I think a better way to look at it is: people paying to park wealth in the worlds most stable and transferable currency. Even North Korea likes holding US dollars.
We have the most stable, predictable economic environment in the world, and the oldest functioning constitution. Why would we not extract some of the value in that?
Another point: Inflation plays a domestic role as well, as it increases the velocity of money.
It's definitely fantastic for anyone with employees. If the currency was deflating, you better believe your boss would be doing a downward cost of living adjustment ever single paycheck.
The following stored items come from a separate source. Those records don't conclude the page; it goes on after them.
section \<open>Bijections of X\<close>

lemma XI_iff: "x \<in> XI \<longleftrightarrow> 0 \<le> x \<and> x < 1"
  by (simp add: XI_def)

lemma bijX_inj_on: "f \<in> bijX \<Longrightarrow> inj_on f XI"
  by (auto simp: bijX_def bij_betw_def)

lemma bijX_image: "f \<in> bijX \<Longrightarrow> f ` XI = XI"
  by (auto simp: bijX_def bij_betw_def)

lemma bijX_mem: "f \<in> bijX \<Longrightarrow> x \<in> XI \<Longrightarrow> f x \<in> XI"
  using bijX_image by blast

lemma bijX_eq_iff: "f \<in> bijX \<Longrightarrow> x \<in> XI \<Longrightarrow> y \<in> XI \<Longrightarrow> f x = f y \<longleftrightarrow> x = y"
  using bijX_inj_on inj_on_eq_iff by metis

lemma invX_apply: "f \<in> bijX \<Longrightarrow> x \<in> XI \<Longrightarrow> invX f (f x) = x"
  by (simp add: invX_def bijX_mem bijX_inj_on inv_into_f_f)

lemma apply_invX: "f \<in> bijX \<Longrightarrow> y \<in> XI \<Longrightarrow> f (invX f y) = y"
  by (simp add: invX_def bijX_image f_inv_into_f)

lemma invX_mem: "f \<in> bijX \<Longrightarrow> y \<in> XI \<Longrightarrow> invX f y \<in> XI"
  by (simp add: invX_def bijX_image inv_into_into)

lemma comp_invX:
  assumes "f \<in> bijX"
  shows "f \<circ> invX f = id"
proof
  fix y
  show "(f \<circ> invX f) y = id y"
    using assms apply_invX[OF assms, of y] by (cases "y \<in> XI") (auto simp: invX_def bijX_def)
qed

lemma bijX_comp: "f \<in> bijX \<Longrightarrow> g \<in> bijX \<Longrightarrow> f \<circ> g \<in> bijX"
  unfolding bijX_def by (auto intro: bij_betw_trans)

lemma bijX_invX: "f \<in> bijX \<Longrightarrow> invX f \<in> bijX"
  unfolding bijX_def invX_def
  by (auto intro: bij_betw_inv_into bij_betw_cong[THEN iffD1, rotated])

lemma conjugation_image_eq:
  assumes "H \<subseteq> bijX" and comp: "\<And>f h. f \<in> H \<Longrightarrow> h \<in> H \<Longrightarrow> f \<circ> h \<in> H"
    and inv: "\<And>f. f \<in> H \<Longrightarrow> invX f \<in> H" and "g \<in> H"
  shows "(\<lambda>h. g \<circ> h \<circ> invX g) ` H = H"
proof
  show "(\<lambda>h. g \<circ> h \<circ> invX g) ` H \<subseteq> H"
    using comp inv \<open>g \<in> H\<close> by blast
  show "H \<subseteq> (\<lambda>h. g \<circ> h \<circ> invX g) ` H"
  proof
    fix h assume "h \<in> H"
    have "g \<circ> (invX g \<circ> h \<circ> g) \<circ> invX g = (g \<circ> invX g) \<circ> h \<circ> (g \<circ> invX g)"
      by (simp add: comp_assoc)
    then have "h = g \<circ> (invX g \<circ> h \<circ> g) \<circ> invX g"
      using comp_invX \<open>g \<in> H\<close> \<open>H \<subseteq> bijX\<close> by auto
    moreover have "invX g \<circ> h \<circ> g \<in> H"
      using comp inv \<open>g \<in> H\<close> \<open>h \<in> H\<close> by blast
    ultimately show "h \<in> (\<lambda>h. g \<circ> h \<circ> invX g) ` H"
      by (rule image_eqI)
  qed
qed

section \<open>Break points\<close>

text \<open>The intervals \<open>[x, y]\<close> may start at a break \<open>x \<in> C\<close>; this encodes right
  continuity at the breaks.\<close>

definition rc_breaks :: "real set \<Rightarrow> (real \<Rightarrow> real) \<Rightarrow> bool" where
  "rc_breaks C f \<longleftrightarrow> finite C \<and> 0 \<in> C \<and>
    (\<forall>x y. 0 \<le> x \<longrightarrow> x < y \<longrightarrow> y < 1 \<longrightarrow> {x<..y} \<inter> C = {} \<longrightarrow>
      continuous_on {x..y} f \<and> strict_mono_on {x..y} f)"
As it stands, they can just keep your pay fixed and you are constantly becoming a lesser business cost until they begrudgingly give you a 1-2% annual cost of living adjustment.
Basically, it's easier to manipulate individuals into working for less if the number they're getting remains the same or even goes up, but slower than real inflation.
> Basically, it's easier to manipulate individuals into working for less if the number they're getting remains the same or even goes up, but slower than real inflation.
I could be wrong, but it looks like that is comparing an aggregate/mean ('total productivity's) with a median ('typical wage'), which would paint a very innaccurate picture of what's happening.
Like, imagine everything stays the same, but a new class of extremely productive high paying jobs is invented, and grows to 10% of the workforce. This would have only a marginal effect on median wage but a huge effect on aggregate productivity. Nothing would change in any other industry (bread factories still have the same output and still pay the same) but it would make this stat look like like 'the rich are stealing our wage growth'.